▶ _TASK OBJECTIVE_: Look for the word "auto" in the entries and copy every line where it shows up.

*** ENTRIES SHOWN Section Begins ***

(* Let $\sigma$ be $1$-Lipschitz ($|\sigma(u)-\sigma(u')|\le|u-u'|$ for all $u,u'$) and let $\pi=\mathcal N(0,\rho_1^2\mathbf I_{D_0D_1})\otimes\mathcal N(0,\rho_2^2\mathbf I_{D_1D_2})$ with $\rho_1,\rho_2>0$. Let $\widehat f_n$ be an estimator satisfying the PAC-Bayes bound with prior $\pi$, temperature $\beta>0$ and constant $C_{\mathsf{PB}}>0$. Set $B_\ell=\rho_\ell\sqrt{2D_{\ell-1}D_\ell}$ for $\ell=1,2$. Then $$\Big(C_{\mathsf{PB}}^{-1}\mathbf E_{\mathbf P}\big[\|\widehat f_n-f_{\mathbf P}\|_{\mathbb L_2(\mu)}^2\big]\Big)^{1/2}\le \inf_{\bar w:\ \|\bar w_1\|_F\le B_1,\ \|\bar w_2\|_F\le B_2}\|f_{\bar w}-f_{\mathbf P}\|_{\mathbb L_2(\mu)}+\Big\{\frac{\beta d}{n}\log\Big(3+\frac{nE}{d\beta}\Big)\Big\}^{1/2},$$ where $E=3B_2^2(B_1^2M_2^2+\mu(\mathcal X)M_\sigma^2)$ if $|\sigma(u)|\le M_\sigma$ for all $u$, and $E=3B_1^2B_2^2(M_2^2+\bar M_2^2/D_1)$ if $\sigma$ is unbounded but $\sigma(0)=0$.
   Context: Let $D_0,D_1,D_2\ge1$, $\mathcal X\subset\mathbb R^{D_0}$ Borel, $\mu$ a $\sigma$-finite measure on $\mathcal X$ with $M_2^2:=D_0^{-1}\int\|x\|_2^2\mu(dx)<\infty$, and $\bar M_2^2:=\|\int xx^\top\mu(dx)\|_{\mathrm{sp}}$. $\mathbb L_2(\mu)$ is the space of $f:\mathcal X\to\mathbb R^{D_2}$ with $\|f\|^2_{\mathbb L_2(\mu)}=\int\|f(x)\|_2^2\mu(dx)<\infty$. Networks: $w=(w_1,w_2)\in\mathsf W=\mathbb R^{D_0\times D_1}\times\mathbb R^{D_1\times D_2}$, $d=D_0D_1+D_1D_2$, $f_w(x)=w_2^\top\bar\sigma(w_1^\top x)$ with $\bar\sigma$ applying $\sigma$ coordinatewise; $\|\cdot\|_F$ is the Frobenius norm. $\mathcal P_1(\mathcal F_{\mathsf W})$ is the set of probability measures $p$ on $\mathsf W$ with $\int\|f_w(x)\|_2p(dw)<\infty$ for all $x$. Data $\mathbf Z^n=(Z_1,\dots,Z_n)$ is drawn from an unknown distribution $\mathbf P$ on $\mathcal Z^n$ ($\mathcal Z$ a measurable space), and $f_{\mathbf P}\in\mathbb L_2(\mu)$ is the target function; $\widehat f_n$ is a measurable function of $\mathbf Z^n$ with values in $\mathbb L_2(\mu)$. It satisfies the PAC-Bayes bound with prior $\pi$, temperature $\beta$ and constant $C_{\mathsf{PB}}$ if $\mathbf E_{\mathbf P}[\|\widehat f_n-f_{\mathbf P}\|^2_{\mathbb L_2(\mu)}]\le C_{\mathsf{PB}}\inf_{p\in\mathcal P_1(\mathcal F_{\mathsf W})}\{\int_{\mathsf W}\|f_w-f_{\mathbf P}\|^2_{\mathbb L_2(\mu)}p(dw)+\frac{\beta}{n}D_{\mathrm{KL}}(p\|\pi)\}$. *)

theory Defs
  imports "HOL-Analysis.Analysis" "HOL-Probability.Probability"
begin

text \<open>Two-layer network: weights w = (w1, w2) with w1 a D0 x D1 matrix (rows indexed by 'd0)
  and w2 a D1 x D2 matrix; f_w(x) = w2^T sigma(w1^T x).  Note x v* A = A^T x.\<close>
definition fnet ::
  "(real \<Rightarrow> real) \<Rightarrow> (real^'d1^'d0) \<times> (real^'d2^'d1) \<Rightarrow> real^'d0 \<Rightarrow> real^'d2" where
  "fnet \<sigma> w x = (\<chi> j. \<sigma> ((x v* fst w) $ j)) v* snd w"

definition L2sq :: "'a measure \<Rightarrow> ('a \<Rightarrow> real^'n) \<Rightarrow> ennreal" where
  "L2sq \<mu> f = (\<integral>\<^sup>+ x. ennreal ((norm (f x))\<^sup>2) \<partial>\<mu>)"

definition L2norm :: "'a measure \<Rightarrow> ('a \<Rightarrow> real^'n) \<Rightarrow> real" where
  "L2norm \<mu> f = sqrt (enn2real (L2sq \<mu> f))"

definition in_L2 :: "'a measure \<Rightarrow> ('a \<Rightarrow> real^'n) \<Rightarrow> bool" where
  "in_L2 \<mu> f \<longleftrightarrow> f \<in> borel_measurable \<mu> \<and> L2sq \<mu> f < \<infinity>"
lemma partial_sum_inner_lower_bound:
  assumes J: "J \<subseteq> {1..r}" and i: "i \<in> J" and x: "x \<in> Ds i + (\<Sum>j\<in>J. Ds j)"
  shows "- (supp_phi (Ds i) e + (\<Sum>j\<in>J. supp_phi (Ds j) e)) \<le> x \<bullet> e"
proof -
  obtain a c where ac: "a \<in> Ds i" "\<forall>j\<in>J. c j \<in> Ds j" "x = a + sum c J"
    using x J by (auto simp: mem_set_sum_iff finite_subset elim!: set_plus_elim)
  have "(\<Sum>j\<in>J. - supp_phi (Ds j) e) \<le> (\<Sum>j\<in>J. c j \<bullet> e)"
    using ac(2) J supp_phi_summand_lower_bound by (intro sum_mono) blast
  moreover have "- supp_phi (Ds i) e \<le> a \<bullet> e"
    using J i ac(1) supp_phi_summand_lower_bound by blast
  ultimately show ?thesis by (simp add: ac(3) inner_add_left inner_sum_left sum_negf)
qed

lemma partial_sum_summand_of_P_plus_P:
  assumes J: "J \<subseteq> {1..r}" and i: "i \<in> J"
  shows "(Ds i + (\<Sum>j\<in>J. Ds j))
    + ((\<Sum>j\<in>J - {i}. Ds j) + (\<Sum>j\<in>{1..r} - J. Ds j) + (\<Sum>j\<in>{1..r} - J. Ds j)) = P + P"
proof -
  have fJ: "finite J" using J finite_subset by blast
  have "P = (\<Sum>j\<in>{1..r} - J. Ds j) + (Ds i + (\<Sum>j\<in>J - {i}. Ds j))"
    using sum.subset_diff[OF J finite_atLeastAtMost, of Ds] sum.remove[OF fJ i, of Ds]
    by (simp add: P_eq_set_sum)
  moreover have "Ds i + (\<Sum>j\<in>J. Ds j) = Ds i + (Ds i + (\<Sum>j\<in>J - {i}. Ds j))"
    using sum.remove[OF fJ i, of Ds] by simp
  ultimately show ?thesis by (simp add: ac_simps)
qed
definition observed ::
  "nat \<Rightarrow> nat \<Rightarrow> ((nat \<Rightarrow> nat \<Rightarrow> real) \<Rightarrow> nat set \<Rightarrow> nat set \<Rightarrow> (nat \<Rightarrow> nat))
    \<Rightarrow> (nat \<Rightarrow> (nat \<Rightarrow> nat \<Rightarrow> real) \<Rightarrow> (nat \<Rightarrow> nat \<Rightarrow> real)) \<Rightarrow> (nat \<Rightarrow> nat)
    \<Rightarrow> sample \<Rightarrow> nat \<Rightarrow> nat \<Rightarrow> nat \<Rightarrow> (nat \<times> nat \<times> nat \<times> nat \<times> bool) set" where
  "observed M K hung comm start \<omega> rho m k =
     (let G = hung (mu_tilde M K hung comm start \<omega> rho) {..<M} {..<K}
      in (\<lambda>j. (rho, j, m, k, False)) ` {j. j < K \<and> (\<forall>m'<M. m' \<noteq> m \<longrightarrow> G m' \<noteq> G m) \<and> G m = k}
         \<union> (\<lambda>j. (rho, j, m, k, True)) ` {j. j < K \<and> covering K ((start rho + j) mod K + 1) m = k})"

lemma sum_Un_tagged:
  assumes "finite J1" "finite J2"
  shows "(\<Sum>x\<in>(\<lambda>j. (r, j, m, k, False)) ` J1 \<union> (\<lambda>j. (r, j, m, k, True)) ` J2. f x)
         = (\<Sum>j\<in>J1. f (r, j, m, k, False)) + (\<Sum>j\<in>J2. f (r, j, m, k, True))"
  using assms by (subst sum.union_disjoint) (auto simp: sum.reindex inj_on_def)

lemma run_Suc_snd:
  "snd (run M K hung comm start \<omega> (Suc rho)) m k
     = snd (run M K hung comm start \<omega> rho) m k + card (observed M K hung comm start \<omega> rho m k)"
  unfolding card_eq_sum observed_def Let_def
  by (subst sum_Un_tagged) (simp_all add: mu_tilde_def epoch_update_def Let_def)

*** ENTRIES SHOWN Section Ends ***

▶ _EXERCISE ANSWER_:
    using x J by (auto simp: mem_set_sum_iff finite_subset elim!: set_plus_elim)
  using assms by (subst sum.union_disjoint) (auto simp: sum.reindex inj_on_def)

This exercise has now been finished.